Qu’avaient en commun les marchés de la livraison, du taxi et de la location de DVD ?
Un mépris pour le client.
L’exemple emblématique des taxis
En 2012 je n’avais jamais réussi à monter dans un taxi parisien. On me disait que l’expérience était horrible car on ne savait jamais ce qu’on allait payer et que les chauffeurs exigeaient souvent qu’on les paie en liquide.
Mais moi je n’avais même pas le droit à cette mauvaise expérience.
On me disait juste c’est trop loin (j’habitais à Evry) ou alors on ne s’arrêtait pas.
Je savais bien que c’était parce que j’étais Noir. D’autant plus que je n’étais pas le seul à m’en rendre compte :
Mais avec l’arrivée d’Uber, les choses semblent changer. En 2012, Latoya Peterson, qui gère le site Racialicious, expliquait que «ce service de voiture premium enlève le facteur du racisme quand vous avez besoin d’une voiture. […] C’est incroyable que j’ai besoin de payer un service premium pour avoir cette expérience mais ça en vaut la peine». Même constat pour Jenna Wortham: «La qualité de nos vie s’est considérablement améliorée le jour où nous avons trouvé une alternative aux conducteurs de taxi racistes.»

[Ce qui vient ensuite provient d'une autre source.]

lemma splitting_bound_le:
  fixes M :: "'a::field^'n^'n" and f :: "'i \<Rightarrow> 'a poly"
  assumes fin: "finite I" and f: "\<And>k. k \<in> I \<Longrightarrow> f k \<noteq> 0 \<and> Polynomial.degree (f k) \<le> d"
    and ann: "poly_mat (\<Prod>k\<in>I. f k) M = 0"
  shows "splitting_bound M \<le> d"
proof -
  let ?m = "min_poly_mat M"
  let ?S = "{Polynomial.degree p | p. Factorial_Ring.irreducible p \<and> p dvd ?m}"
  have "(\<Prod>k\<in>I. f k) \<noteq> 0"
    using fin f by simp
  note m = min_poly_mat_spec[OF this ann]
  have "Polynomial.degree p \<le> d" if p: "Factorial_Ring.irreducible p" "p dvd ?m" for p
  proof -
    have prime: "prime_elem p"
      using p(1) by (rule field_poly_irreducible_imp_prime)
    have "\<exists>k\<in>J. p dvd f k" if "finite J" "p dvd (\<Prod>k\<in>J. f k)" for J
      using that
    proof (induction J rule: finite_induct)
      case empty
      then show ?case
        using prime_elem_not_unit[OF prime] by simp
    next
      case (insert k J)
      then show ?case
        using prime_elem_dvd_mult_iff[OF prime] by auto
    qed
    then obtain k where k: "k \<in> I" "p dvd f k"
      using fin dvd_trans[OF p(2) m(2)] by blast
    then have "Polynomial.degree p \<le> Polynomial.degree (f k)"
      using f dvd_imp_degree_le by blast
    then show ?thesis
      using f[OF k(1)] by linarith
  qed
  then have sub: "?S \<subseteq> {..d}"
    by auto
  have "?m \<noteq> 0"
    using m(1) by auto
  then have "?S \<noteq> {}"
    using irreducible_factor_exists[of ?m] m(3) by blast
  moreover have "finite ?S"
    using sub finite_subset by blast
  ultimately show ?thesis
    unfolding splitting_bound_def using sub by (subst Max_le_iff) auto
qed

section \<open>Frobenius systems\<close>

(* The factor belonging to each summand of the decomposition: X for Ker M, X - gamma_i for Im A_i,
   and the minimal polynomial of alpha_j + sqrt(-n_j) for Im B_j. *)
definition frob_factor ::
  "(nat \<Rightarrow> 'a::field) \<Rightarrow> (nat \<Rightarrow> 'a) \<Rightarrow> (nat \<Rightarrow> 'a) \<Rightarrow> (nat + nat) option \<Rightarrow> 'a poly" where
  "frob_factor \<gamma> \<alpha> nn k = (case k of None \<Rightarrow> [:0, 1:] | Some (Inl i) \<Rightarrow> [:- \<gamma> i, 1:]
     | Some (Inr j) \<Rightarrow> [:\<alpha> j ^ 2 + nn j, - 2 * \<alpha> j, 1:])"

(* The relations of a fine Frobenius decomposition acting on vectors over an arbitrary field; it is
   used both over K and over its algebraic closure. *)
locale frobenius_system =
  fixes M :: "'a::field^'n^'n" and s :: nat and \<gamma> :: "nat \<Rightarrow> 'a" and A :: "nat \<Rightarrow> 'a^'n^'n"
    and t :: nat and \<alpha> nn :: "nat \<Rightarrow> 'a" and B :: "nat \<Rightarrow> 'a^'n^'n"
  assumes A_A: "\<And>i h x. i < s \<Longrightarrow> h < s \<Longrightarrow> A i *v (A h *v x) = (if i = h then A i *v x else 0)"
    and A_B: "\<And>i j x. i < s \<Longrightarrow> j < t \<Longrightarrow> A i *v (B j *v x) = 0"
    and B_A: "\<And>i j x. i < s \<Longrightarrow> j < t \<Longrightarrow> B j *v (A i *v x) = 0"
    and B_B: "\<And>j l x. j < t \<Longrightarrow> l < t \<Longrightarrow> j \<noteq> l \<Longrightarrow> B j *v (B l *v x) = 0"
    and B_cube: "\<And>j x. j < t \<Longrightarrow> B j *v (B j *v (B j *v x)) = (- nn j) *s (B j *v x)"
    and nn_nonzero: "\<And>j. j < t \<Longrightarrow> nn j \<noteq> 0"
    and M_expand: "\<And>x. M *v x = (\<Sum>i<s. \<gamma> i *s (A i *v x))
      - (\<Sum>j<t. (\<alpha> j / nn j) *s (B j *v (B j *v x))) + (\<Sum>j<t. B j *v x)"
begin

lemma M_on_B_component:
  assumes j: "j < t" and A0: "\<And>i. i < s \<Longrightarrow> A i *v x = 0"
    and B0: "\<And>l. l < t \<Longrightarrow> l \<noteq> j \<Longrightarrow> B l *v x = 0"
  shows "M *v x = B j *v x - (\<alpha> j / nn j) *s (B j *v (B j *v x))"
proof -
  have "(\<Sum>l<t. (\<alpha> l / nn l) *s (B l *v (B l *v x))) = (\<alpha> j / nn j) *s (B j *v (B j *v x))"
    by (rule sum_eq_single_term) (use j B0 in auto)
  moreover have "(\<Sum>l<t. B l *v x) = B j *v x"
    by (rule sum_eq_single_term) (use j B0 in auto)
  ultimately show ?thesis
    using A0 by (simp add: M_expand)
qed

lemma A_M_mult: assumes i: "i < s" shows "A i *v (M *v v) = \<gamma> i *s (A i *v v)"
proof -
  have "A i *v (M *v v) = (\<Sum>h<s. \<gamma> h *s (A i *v (A h *v v)))"
    using i by (simp add: M_expand matrix_vector_mult_sum vector_scalar_commute
        matrix_vector_mult_diff_distrib matrix_vector_right_distrib A_B)
  also have "\<dots> = \<gamma> i *s (A i *v v)"
    by (subst sum_eq_single_term[of _ i]) (use i in \<open>auto simp: A_A\<close>)
  finally show ?thesis .
qed

lemma M_A_mult: assumes i: "i < s" shows "M *v (A i *v w) = \<gamma> i *s (A i *v w)"
proof -
  have "M *v (A i *v w) = (\<Sum>h<s. \<gamma> h *s (A h *v (A i *v w)))"
    using i by (simp add: M_expand B_A)
  also have "\<dots> = \<gamma> i *s (A i *v w)"
    by (subst sum_eq_single_term[of _ i]) (use i in \<open>auto simp: A_A\<close>)
  finally show ?thesis .
qed

lemma B_M_mult: assumes j: "j < t" shows "B j *v (M *v v) = \<alpha> j *s (B j *v v) + B j *v (B j *v v)"
proof -
  have "B j *v (M *v v) = B j *v (B j *v v) - (\<alpha> j / nn j) *s (B j *v (B j *v (B j *v v)))"
  proof -
    have "(\<Sum>l<t. (\<alpha> l / nn l) *s (B j *v (B l *v (B l *v v))))
        = (\<alpha> j / nn j) *s (B j *v (B j *v (B j *v v)))"
      by (rule sum_eq_single_term) (use j in \<open>auto simp: B_B\<close>)
    moreover have "(\<Sum>l<t. B j *v (B l *v v)) = B j *v (B j *v v)"
      by (rule sum_eq_single_term) (use j in \<open>auto simp: B_B\<close>)
    ultimately show ?thesis
      using j by (simp add: M_expand matrix_vector_mult_sum vector_scalar_commute
          matrix_vector_mult_diff_distrib matrix_vector_right_distrib B_A)
  qed
  then show ?thesis
    using nn_nonzero[OF j] by (simp add: B_cube j vector_smult_assoc)
qed

lemma M_B_mult: assumes j: "j < t" shows "M *v (B j *v w) = \<alpha> j *s (B j *v w) + B j *v (B j *v w)"
proof -
  have "M *v (B j *v w) = B j *v (B j *v w) - (\<alpha> j / nn j) *s (B j *v (B j *v (B j *v w)))"
    by (rule M_on_B_component[OF j]) (use j in \<open>simp_all add: A_B B_B\<close>)
  then show ?thesis
    using nn_nonzero[OF j] by (simp add: B_cube j vector_smult_assoc)
qed

lemma A_eigenvector_other:
  assumes e: "M *v v = \<mu> *s v" and i: "i < s" and ne: "\<mu> \<noteq> \<gamma> i"
  shows "A i *v v = 0"
proof -
  have "\<gamma> i *s (A i *v v) = A i *v (M *v v)"
    using A_M_mult[OF i] by simp
  also have "\<dots> = \<mu> *s (A i *v v)"
    by (simp add: e vector_scalar_commute)
  finally have "\<gamma> i *s (A i *v v) = \<mu> *s (A i *v v)" .
  then have "(\<gamma> i - \<mu>) *s (A i *v v) = 0"
    by (simp only: vector_sub_rdistrib right_minus_eq)
  with ne show ?thesis
    by auto
qed

lemma B_eigenvector_other:
  assumes e: "M *v v = \<mu> *s v" and j: "j < t" and ne: "(\<mu> - \<alpha> j) ^ 2 + nn j \<noteq> 0"
  shows "B j *v v = 0"
proof -
  define w where "w = B j *v v"
  have Bw: "B j *v w = (\<mu> - \<alpha> j) *s w"
    using B_M_mult[OF j, of v] e unfolding w_def by (simp add: vector_scalar_commute vector_sub_rdistrib)
  have "B j *v (B j *v w) = (- nn j) *s w"
    unfolding w_def by (rule B_cube[OF j])
  moreover have "B j *v (B j *v w) = ((\<mu> - \<alpha> j) ^ 2) *s w"
    by (simp only: Bw vector_scalar_commute vector_smult_assoc power2_eq_square)
  ultimately have "((\<mu> - \<alpha> j) ^ 2 + nn j) *s w = 0"
    by (simp add: vector_sadd_rdistrib)
  with ne show ?thesis
    unfolding w_def by (simp only: vector_mul_eq_0) blast
qed

lemma A_eigenvector_self:
  assumes e: "M *v v = \<gamma> i *s v" and i: "i < s" and nz: "\<gamma> i \<noteq> 0"
    and A0: "\<And>h. h < s \<Longrightarrow> h \<noteq> i \<Longrightarrow> A h *v v = 0" and B0: "\<And>j. j < t \<Longrightarrow> B j *v v = 0"
  shows "A i *v v = v"
proof -
  have "M *v v = (\<Sum>h<s. \<gamma> h *s (A h *v v))"
    by (simp add: M_expand B0)
  also have "\<dots> = \<gamma> i *s (A i *v v)"
    by (rule sum_eq_single_term) (use i A0 in auto)
  finally show ?thesis
    using e nz by simp
qed

(* Killed by all other summands, an eigenvector sees M as B_j - (alpha_j/n_j) B_j^2, and B_j w = rho w
   for w = B_j v; comparing both expressions for M v gives B_j v = rho v. *)
lemma B_eigenvector_root:
  assumes e: "M *v v = (\<alpha> j + \<rho>) *s v" and j: "j < t" and \<rho>: "\<rho> ^ 2 = - nn j" and nz: "\<alpha> j + \<rho> \<noteq> 0"
    and A0: "\<And>i. i < s \<Longrightarrow> A i *v v = 0" and B0: "\<And>l. l < t \<Longrightarrow> l \<noteq> j \<Longrightarrow> B l *v v = 0"
  shows "B j *v v = \<rho> *s v"
proof -
  have \<rho>0: "\<rho> \<noteq> 0"
    using \<rho> nn_nonzero[OF j] by auto
  define w where "w = B j *v v"
  have Bw: "B j *v w = \<rho> *s w"
    using B_M_mult[OF j, of v] e unfolding w_def by (simp add: vector_scalar_commute algebra_simps vector_sadd_rdistrib)
  have "nn j = - (\<rho> * \<rho>)"
    using \<rho> by (simp add: power2_eq_square)
  then have "1 - \<alpha> j / nn j * \<rho> = (\<alpha> j + \<rho>) / \<rho>"
    using \<rho>0 by (simp add: field_simps)
  moreover have "M *v v = (1 - \<alpha> j / nn j * \<rho>) *s w"
    using M_on_B_component[OF j A0 B0] Bw unfolding w_def[symmetric]
    by (simp add: vector_smult_assoc vector_sub_rdistrib)
  ultimately have eq: "(\<alpha> j + \<rho>) *s v = ((\<alpha> j + \<rho>) / \<rho>) *s w"
    using e by metis
  have "\<rho> / (\<alpha> j + \<rho>) * (\<alpha> j + \<rho>) = \<rho>" "\<rho> / (\<alpha> j + \<rho>) * ((\<alpha> j + \<rho>) / \<rho>) = 1"
    using nz \<rho>0 by simp_all
  then have "\<rho> *s v = (\<rho> / (\<alpha> j + \<rho>)) *s ((\<alpha> j + \<rho>) *s v)"
    "(\<rho> / (\<alpha> j + \<rho>)) *s (((\<alpha> j + \<rho>) / \<rho>) *s w) = w"
    by (simp_all only: vector_smult_assoc vector_smult_lid)
  then have "\<rho> *s v = w"
    by (simp only: eq)
  then show ?thesis
    unfolding w_def by simp
qed

lemma B_eigenvector_in_im:
  assumes "B j *v x = \<rho> *s x" and "\<rho> \<noteq> 0"
  shows "x \<in> im_mat (B j)"
proof -
  have "x = B j *v ((1 / \<rho>) *s x)"
    using assms by (simp add: vector_scalar_commute vector_smult_assoc)
  then show ?thesis
    unfolding im_mat_def by blast
qed

lemma M_eigenvector_of_B_eigenvector:
  assumes j: "j < t" and \<rho>: "\<rho> ^ 2 = - nn j" and x: "B j *v x = \<rho> *s x"
  shows "M *v x = (\<alpha> j + \<rho>) *s x"
proof -
  have "\<rho> \<noteq> 0"
    using \<rho> nn_nonzero[OF j] by auto
  then obtain u where u: "x = B j *v u"
    using B_eigenvector_in_im[OF x] by (auto simp: im_mat_def)
  have "M *v x = B j *v x - (\<alpha> j / nn j) *s (B j *v (B j *v x))"
    by (rule M_on_B_component[OF j]) (use j in \<open>simp_all add: u A_B B_B\<close>)
  also have "\<dots> = (\<rho> - \<alpha> j / nn j * (\<rho> * \<rho>)) *s x"
    by (simp add: x vector_scalar_commute vector_smult_assoc vector_sub_rdistrib)
  also have "\<rho> - \<alpha> j / nn j * (\<rho> * \<rho>) = \<alpha> j + \<rho>"
    using \<rho> nn_nonzero[OF j] by (simp add: power2_eq_square[symmetric])
  finally show ?thesis .
qed

(* Idempotent with image Im B_j, because B_j^3 = -n_j B_j. *)
definition B_proj :: "nat \<Rightarrow> 'a^'n \<Rightarrow> 'a^'n" where
  "B_proj j v = (- 1 / nn j) *s (B j *v (B j *v v))"

definition ker_proj :: "'a^'n \<Rightarrow> 'a^'n" where
  "ker_proj v = v - (\<Sum>i<s. A i *v v) - (\<Sum>j<t. B_proj j v)"

definition component_proj :: "(nat + nat) option \<Rightarrow> 'a^'n \<Rightarrow> 'a^'n" where
  "component_proj k v = (case k of None \<Rightarrow> ker_proj v | Some (Inl i) \<Rightarrow> A i *v v
     | Some (Inr j) \<Rightarrow> B_proj j v)"

definition component_space :: "(nat + nat) option \<Rightarrow> ('a^'n) set" where
  "component_space k = (case k of None \<Rightarrow> ker_mat M | Some (Inl i) \<Rightarrow> im_mat (A i)
     | Some (Inr j) \<Rightarrow> im_mat (B j))"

Un service client incroyable
Ce qui différencie Uber des taxis ce n’est pas l’application. D’ailleurs Taxi G7 aussi a une application.
Ce qui différencie Uber des taxis c’est le service client.
Je n’ai pas besoin de deviner le prix de ma course, il est fixé à l’avance
Je sais exactement combien de temps je dois attendre car je vois le chauffeur sur une carte
Il me prend même si je ne suis pas blanc
Le chauffeur est un minimum aimable
Mais comment Uber est arrivé à créer cette expérience client ? En recrutant des personnes intrinsèquement meilleures? Peu probable.
Non… c’est le système de note qui permet ça.
En effet, un chauffeur qui a de trop mauvaises notes se fait tout simplement virer de la plateforme.
Amazon c’est pareil
Parfois je reçois des emails pour me dire d’arrêter d’utiliser Amazon. Mais on se rappelle de l’alternative ?
Récemment je me suis fait livrer en passant en direct par la marque. J’ai mis plus d’un mois avant de recevoir mon produit. Avec entre temps une dizaine d’emails, du stress, ne pas savoir si j’avais tout simplement perdu mon argent…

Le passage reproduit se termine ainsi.